Penulis mampu memberikan asuhan kebidanan dari pengkajian

sampai evaluasi dengan pendekatan manajemen sebagai berikut.

a. Memberikan Asuhan Kebidanan pada Ibu hamil secara komprehensif

dan berkelanjutan.

b. Memberikan Asuhan Kebidanan pada Ibu bersalin secara

komprehensif dan berkelanjutan.

c. Memberikan Asuhan Kebidanan Ibu Nifas dan KB pasca salin secara

komprehensif dan berkelanjutan.

d. Memberikan Asuhan Kebidanan pada Bayi Baru Lahir secara

komprehensif dan berkelanjutan.

C. Ruang Lingkup

Ruang lingkup dalam penulisan ini dibagi menjadi 3, yaitu:

1. sasaran

Subjek yang diberikan asuhan kebidanan adalah ibu hamil TM III

usia kehamilan 38 minggu yang tidak mengalami komplikasi atau

penyulit dalam kehamilan diikuti asuhan ibu bersalin, asuhan ibu nifas,

asuhan bayi baru lahir dan KB.

2. Tempat

Sesuai tempat praktik pengambilan kasus.

3. Waktu

Sesuai waktu prakik pengambilan kasus.


8

D. Manfaat

Manfaat dalam penulisan ini dibagi menjadi 4, yaitu:

1. Bagi Penulis

Penulis dapat menyusun dan memberikan pelayanan kebidanan yang

berkelanjutan secara nyata pada ibu hamil, bersalin, nifas, BBL, dan

keluarga berencana. Sehingga mampu mengaplikasikannya sesuai standar

dan etika profesi

2. Bagi Institusi Pendidikan

Hasil studi kasus ini dapat memberikan referensi tentang bagaimana

asuhan kebidanan continuity of care yang dilakukan pada ibu hamil,

bersalin, nifas, BBL, dan keluarga berencana.

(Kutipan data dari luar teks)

lemma tan_sum_odd_shifts:
  fixes p :: nat and t :: real
  assumes p: "odd p" and cos_pt: "cos (p * t) \<noteq> 0"
  shows "(\<Sum>m<p. tan (t + m * pi / p)) = p * tan (p * t)"
proof -
  define \<zeta> where "\<zeta> = cis (2 * pi / p)"
  define a where "a = - cis (2 * t)"
  have p0: "p > 0" using p by (cases p) auto
  have one_plus_shift: "1 + cis (2 * (t + m * pi / p)) = 1 - a * \<zeta> ^ m" for m
  proof -
    have "cis (2 * (t + m * pi / p)) = cis (2 * t + m * (2 * pi / p))"
      by (rule arg_cong[where f = cis]) (simp add: field_simps)
    also have "\<dots> = cis (2 * t) * \<zeta> ^ m"
      unfolding \<zeta>_def DeMoivre cis_mult ..
    finally show ?thesis by (simp add: a_def)
  qed
  have a_pow: "a ^ p = - cis (2 * (p * t))"
    using p by (simp add: a_def DeMoivre mult_ac)
  have a_pow_ne_1: "a ^ p \<noteq> 1"
    using cos_pt one_plus_cis_double_eq_0_iff[of "p * t"] by (auto simp: a_pow add_eq_0_iff minus_equation_iff)
  have cos_shift: "cos (t + m * pi / p) \<noteq> 0" for m :: nat
  proof
    assume "cos (t + m * pi / p) = 0"
    then have "a * \<zeta> ^ m = 1"
      using one_plus_cis_double_eq_0_iff one_plus_shift by (metis eq_iff_diff_eq_0)
    then have "a ^ p * (\<zeta> ^ p) ^ m = 1"
      by (metis power_mult_distrib power_one power_mult mult.commute)
    then show False using a_pow_ne_1 p0 by (simp add: \<zeta>_def DeMoivre)
  qed
  have "complex_of_real (\<Sum>m<p. tan (t + m * pi / p)) = (\<Sum>m<p. - \<i> * (1 - 2 / (1 - a * \<zeta> ^ m)))"
    by (simp only: of_real_sum tan_eq_cis_double[OF cos_shift] one_plus_shift)
  also have "\<dots> = - \<i> * (of_nat p - 2 * (\<Sum>m<p. 1 / (1 - a * \<zeta> ^ m)))"
    by (simp add: sum_distrib_left sum_subtractf sum_negf algebra_simps flip: sum_divide_distrib)
  also have "\<dots> = - \<i> * of_nat p * (1 - 2 / (1 + cis (2 * (p * t))))"
    unfolding \<zeta>_def sum_inverse_one_minus_mult_roots_unity[OF p0 a_pow_ne_1]
    by (simp add: a_pow algebra_simps)
  also have "\<dots> = complex_of_real (p * tan (p * t))"
    by (simp add: tan_eq_cis_double[OF cos_pt])
  finally show ?thesis by (simp only: of_real_eq_iff)
qed

lemma cot_minus_tan:
  fixes x :: real
  assumes "sin (2 * x) \<noteq> 0"
  shows "cot x - tan x = 2 * cot (2 * x)"
proof -
  have "sin x \<noteq> 0" "cos x \<noteq> 0" using assms by (auto simp: sin_double)
  then show ?thesis
    unfolding cot_def tan_def sin_double cos_double by (simp add: field_simps power2_eq_square)
qed

lemma tan_add_pi_half: "tan (x + pi / 2) = - cot x"
  by (simp add: tan_def cot_def sin_add cos_add)

lemma cot_add_pi_half: "cot (x + pi / 2) = - tan x"
  by (simp add: tan_def cot_def sin_add cos_add)

section \<open>Tangents of rational multiples of \<open>pi\<close>\<close>

definition tan_pi_frac :: "nat \<Rightarrow> int \<Rightarrow> real" where
  "tan_pi_frac N x = tan (of_int x * pi / real N)"

lemma star_point_eq_tan_pi_frac: "star_point N j = tan_pi_frac N (int j)"
  by (simp add: star_point_def tan_pi_frac_def)

lemma tan_pi_frac_add_multiple: "N > 0 \<Longrightarrow> tan_pi_frac N (x + int N * k) = tan_pi_frac N x"
proof -
  assume "N > 0"
  then have "of_int (x + int N * k) * pi / real N = of_int x * pi / real N + of_int k * pi"
    by (simp add: field_simps)
  then show ?thesis by (simp add: tan_pi_frac_def)
qed

lemma tan_pi_frac_cong: "N > 0 \<Longrightarrow> [x = y] (mod int N) \<Longrightarrow> tan_pi_frac N x = tan_pi_frac N y"
  by (metis tan_pi_frac_add_multiple cong_iff_lin)

lemma tan_pi_frac_uminus: "tan_pi_frac N (- x) = - tan_pi_frac N x"
  by (simp add: tan_pi_frac_def)

lemma tan_pi_frac_mult_level: "d > 0 \<Longrightarrow> tan_pi_frac (d * N) (int d * x) = tan_pi_frac N x"
  by (simp add: tan_pi_frac_def field_simps)

lemma sin_pi_frac_eq_0_iff:
  assumes "N > 0"
  shows "sin (of_int x * pi / real N) = 0 \<longleftrightarrow> int N dvd x"
proof
  assume "sin (of_int x * pi / real N) = 0"
  then obtain k :: int where "of_int x * pi / real N = of_int k * pi"
    by (auto simp: sin_zero_iff_int2)
  then have "real_of_int x = real_of_int (int N * k)"
    using assms by (simp add: field_simps)
  then show "int N dvd x" by (simp only: of_int_eq_iff) simp
next
  assume "int N dvd x"
  then obtain k where "x = int N * k" by (elim dvdE)
  then have "of_int x * pi / real N = of_int k * pi"
    using assms by (simp add: field_simps)
  then show "sin (of_int x * pi / real N) = 0" by (simp add: sin_zero_iff_int2)
qed

lemma sin_double_pi_frac_neq_0:
  assumes "N > 0" and "\<not> int N dvd 2 * x"
  shows "sin (2 * (of_int x * pi / real N)) \<noteq> 0"
proof -
  have "sin (of_int (2 * x) * pi / real N) \<noteq> 0"
    using assms by (simp only: sin_pi_frac_eq_0_iff not_False_eq_True)
  moreover have "of_int (2 * x) * pi / real N = 2 * (of_int x * pi / real N)" by simp
  ultimately show ?thesis by metis
qed

lemma cos_pi_frac_neq_0:
  assumes "N > 0" and "\<not> int N dvd 2 * x"
  shows "cos (of_int x * pi / real N) \<noteq> 0"
  using sin_double_pi_frac_neq_0[OF assms] unfolding sin_double by auto

lemma not_dvd_double_if_coprime:
  assumes "N \<ge> 3" and "coprime x (int N)"
  shows "\<not> int N dvd 2 * x"
proof
  assume "int N dvd 2 * x"
  with assms(2) have "int N dvd 2" by (simp add: coprime_commute coprime_dvd_mult_left_iff)
  then show False using assms(1) by (auto dest: zdvd_imp_le)
qed

lemma tan_pi_frac_odd_shifts:
  assumes "odd p" and "M > 0" and "\<not> int M dvd 2 * z"
  shows "real p * tan_pi_frac M z = (\<Sum>m<p. tan_pi_frac (p * M) (z + int m * int M))"
proof -
  have "p > 0" using assms(1) by (cases p) auto
  define t where "t = of_int z * pi / real (p * M)"
  have pt: "real p * t = of_int z * pi / real M"
    using \<open>p > 0\<close> by (simp add: t_def)
  have "(\<Sum>m<p. tan (t + m * pi / p)) = p * tan (p * t)"
    using tan_sum_odd_shifts[OF assms(1)] cos_pi_frac_neq_0[OF assms(2,3)] by (simp add: pt)
  moreover have "t + m * pi / p = of_int (z + int m * int M) * pi / real (p * M)" for m :: nat
    using \<open>p > 0\<close> assms(2) by (simp add: t_def field_simps)
  ultimately show ?thesis by (simp add: tan_pi_frac_def pt)
qed

lemma tan_pi_frac_reflection:
  assumes "M > 0" and "\<not> int M dvd 2 * u"
  shows "tan_pi_frac M u = tan_pi_frac (2 * M) (int M - 2 * u) + 2 * tan_pi_frac (2 * M) (4 * u - int M)"
proof -
  define x where "x = of_int u * pi / real M"
  have "cot x - tan x = 2 * cot (2 * x)"
    using sin_double_pi_frac_neq_0[OF assms] unfolding x_def by (rule cot_minus_tan)
  moreover have "cot x = tan_pi_frac (2 * M) (int M - 2 * u)"
    using assms by (simp add: tan_pi_frac_def x_def flip: tan_cot') (simp add: field_simps)
  moreover have "cot (2 * x) = - tan_pi_frac (2 * M) (4 * u - int M)"
  proof -
    have "2 * x = of_int (4 * u - int M) * pi / real (2 * M) + pi / 2"
      using assms by (simp add: x_def field_simps)
    then show ?thesis by (simp add: tan_pi_frac_def cot_add_pi_half)
  qed
  moreover have "tan_pi_frac M u = tan x" by (simp add: tan_pi_frac_def x_def)
  ultimately show ?thesis by linarith
qed

lemma tan_pi_frac_quarter_shifts:
  assumes "n > 0" and "\<not> int n dvd x"
  shows "2 * tan_pi_frac (2 * n) x = tan_pi_frac (4 * n) (x + int n) + tan_pi_frac (4 * n) (x + 3 * int n)"
proof -
  define b where "b = of_int (x + int n) * pi / real (4 * n)"
  have "\<not> int (4 * n) dvd 2 * (x + int n)"
  proof
    assume "int (4 * n) dvd 2 * (x + int n)"
    then obtain k where "2 * (x + int n) = int (4 * n) * k" by (elim dvdE)
    then have "x = int n * (2 * k - 1)" by (simp add: algebra_simps)
    with assms(2) show False by simp
  qed
  then have "sin (2 * b) \<noteq> 0"
    unfolding b_def using assms(1) by (intro sin_double_pi_frac_neq_0) simp_all
  then have "cot b - tan b = 2 * cot (2 * b)" by (rule cot_minus_tan)
  moreover have "tan_pi_frac (4 * n) (x + 3 * int n) = - cot b"
  proof -
    have "of_int (x + 3 * int n) * pi / real (4 * n) = b + pi / 2"
      using assms by (simp add: b_def field_simps)
    then show ?thesis by (simp add: tan_pi_frac_def tan_add_pi_half)
  qed
  moreover have "cot (2 * b) = - tan_pi_frac (2 * n) x"
  proof -
    have "2 * b = of_int x * pi / real (2 * n) + pi / 2"
      using assms by (simp add: b_def field_simps)
    then show ?thesis by (simp add: tan_pi_frac_def cot_add_pi_half)
  qed
  moreover have "tan_pi_frac (4 * n) (x + int n) = tan b" by (simp add: tan_pi_frac_def b_def)
  ultimately show ?thesis by linarith
qed

section \<open>The rational span of the primitive star points\<close>

definition primitive_indices :: "nat \<Rightarrow> nat set" where
  "primitive_indices N = {j. 1 \<le> j \<and> 2 * j < N \<and> gcd j N = 1}"

definition star_span :: "nat \<Rightarrow> real set" where
  "star_span N = range (\<lambda>c :: nat \<Rightarrow> rat. \<Sum>j\<in>primitive_indices N. of_rat (c j) * star_point N j)"

lemma finite_primitive_indices: "finite (primitive_indices N)"
  by (rule finite_subset[of _ "{..<N}"]) (auto simp: primitive_indices_def)

lemma star_span_zero: "0 \<in> star_span N"
  unfolding star_span_def by (rule range_eqI[of _ _ "\<lambda>_. 0"]) simp

lemma star_span_add:
  assumes "r \<in> star_span N" and "s \<in> star_span N"
  shows "r + s \<in> star_span N"
proof -
  obtain c d where "r = (\<Sum>j\<in>primitive_indices N. of_rat (c j) * star_point N j)"
    and "s = (\<Sum>j\<in>primitive_indices N. of_rat (d j) * star_point N j)"
    using assms unfolding star_span_def by blast
  then show ?thesis
    unfolding star_span_def
    by (intro range_eqI[of _ _ "\<lambda>j. c j + d j"]) (simp add: of_rat_add distrib_right sum.distrib)
qed

lemma star_span_rat_mult:
  assumes "r \<in> star_span N"
  shows "of_rat q * r \<in> star_span N"
proof -
  obtain c where "r = (\<Sum>j\<in>primitive_indices N. of_rat (c j) * star_point N j)"
    using assms unfolding star_span_def by blast
  then show ?thesis
    unfolding star_span_def
    by (intro range_eqI[of _ _ "\<lambda>j. q * c j"]) (simp add: of_rat_mult sum_distrib_left mult.assoc)
qed

lemma star_span_rat_mult_cancel: "of_rat q * r \<in> star_span N \<Longrightarrow> q \<noteq> 0 \<Longrightarrow> r \<in> star_span N"
  using star_span_rat_mult[of "of_rat q * r" N "inverse q"] by (simp add: of_rat_inverse mult.assoc[symmetric])

lemma star_span_uminus: "r \<in> star_span N \<Longrightarrow> - r \<in> star_span N"
  using star_span_rat_mult[of r N "-1"] by simp

lemma star_span_sum: "(\<And>a. a \<in> A \<Longrightarrow> f a \<in> star_span N) \<Longrightarrow> (\<Sum>a\<in>A. f a) \<in> star_span N"
  by (induction A rule: infinite_finite_induct) (auto intro: star_span_zero star_span_add)

lemma star_point_in_star_span:
  assumes "j \<in> primitive_indices N"
  shows "star_point N j \<in> star_span N"
proof -
  have "(\<Sum>i\<in>primitive_indices N. of_rat (if i = j then 1 else 0) * star_point N i)
      = (\<Sum>i\<in>primitive_indices N. if i = j then star_point N i else 0)"
    by (rule sum.cong) simp_all
  also have "\<dots> = star_point N j"
    using assms finite_primitive_indices by simp
  finally show ?thesis
    unfolding star_span_def by (intro range_eqI[of _ _ "\<lambda>i. if i = j then 1 else 0"]) simp
qed

lemma tan_pi_frac_in_star_span:
  assumes N: "N \<ge> 3" and x: "coprime x (int N)"
  shows "tan_pi_frac N x \<in> star_span N"
proof -
  define j where "j = nat (x mod int N)"
  have "j < N" using N by (simp add: j_def nat_less_iff)
  have x_j: "tan_pi_frac N x = tan_pi_frac N (int j)"
    using N by (intro tan_pi_frac_cong) (simp_all add: j_def cong_def)
  have "coprime (int j) (int N)"
    using x N by (simp add: j_def)
  then have j_N: "coprime j N" by simp
  have "j \<noteq> 0"
  proof
    assume "j = 0"
    with j_N have "N = 1" by simp
    with N show False by simp
  qed
  have "2 * j \<noteq> N"
  proof
    assume "2 * j = N"
    then have "j dvd N" by auto
    with j_N have "j = 1" by (simp add: coprime_absorb_left)
    with \<open>2 * j = N\<close> N show False by simp
  qed
  consider "2 * j < N" | "N < 2 * j" using \<open>2 * j \<noteq> N\<close> by linarith
  then show ?thesis
  proof cases
    case 1
    with \<open>j \<noteq> 0\<close> j_N have "j \<in> primitive_indices N"
      by (simp add: primitive_indices_def)
    then have "star_point N j \<in> star_span N" by (rule star_point_in_star_span)
    then show ?thesis by (simp only: x_j star_point_eq_tan_pi_frac)
  next
    case 2
    from j_N \<open>j < N\<close> have "gcd (N - j) N = 1"
      by (simp add: gcd_diff2_nat)
    with 2 \<open>j < N\<close> have "N - j \<in> primitive_indices N"
      by (simp add: primitive_indices_def) linarith
    then have "- star_point N (N - j) \<in> star_span N"
      by (intro star_span_uminus star_point_in_star_span)
    moreover have "int j = - int (N - j) + int N * 1"
      using \<open>j < N\<close> by simp
    then have "tan_pi_frac N (int j) = - star_point N (N - j)"
      using N by (simp only: tan_pi_frac_add_multiple tan_pi_frac_uminus star_point_eq_tan_pi_frac)
    ultimately show ?thesis by (simp only: x_j)
  qed
qed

3. Bagi Pelayanan Kebidanan

Memberikan gambaran kualitas asuhan kebidanan yang komprehensif

dan berkelanjutan pada ibu hamil, ibu bersalin, ibu nifas, pelayanan KB

pasca salin, dan Bayi baru lahir.

4. Bagi Klien

Agar klien maupun masyarakat mampu melakukan deteksi dini

komplikasi yang mungkin timbul di masa hamil, bersalin, maupun nifas,

sehingga memungkinkan segera untuk mendapat penanganan.


9

E. Metode Pengambilan Data

Cara yang dilakukan dalam mengumpulkan data untuk penyusunan studi

kasus ibu hamil, ibu bersalin, ibu nifas, KB dan BBL, meliputi: anamnesa,

pemeriksaan fisik, pemeriksaan penunjang, studi kasus dan telaah kasus

F. Sistematika Penulisan

Sistematika penulisan LTA ini terdiri dari Bab I Pendahuluan yang berisi

latar belakang, tujuan, ruang lingkup, manfaat, metode pengambilan data, dan

sistematika penulisan. Pada Bab II Tinjauan Pustaka berisi tinjauan teori

asuhan kebidanan. Bab III Metode Penelitian berisi rancangan penelitian,

subjek penelitian, pengumpulan data dan analisis data serta masalah etika.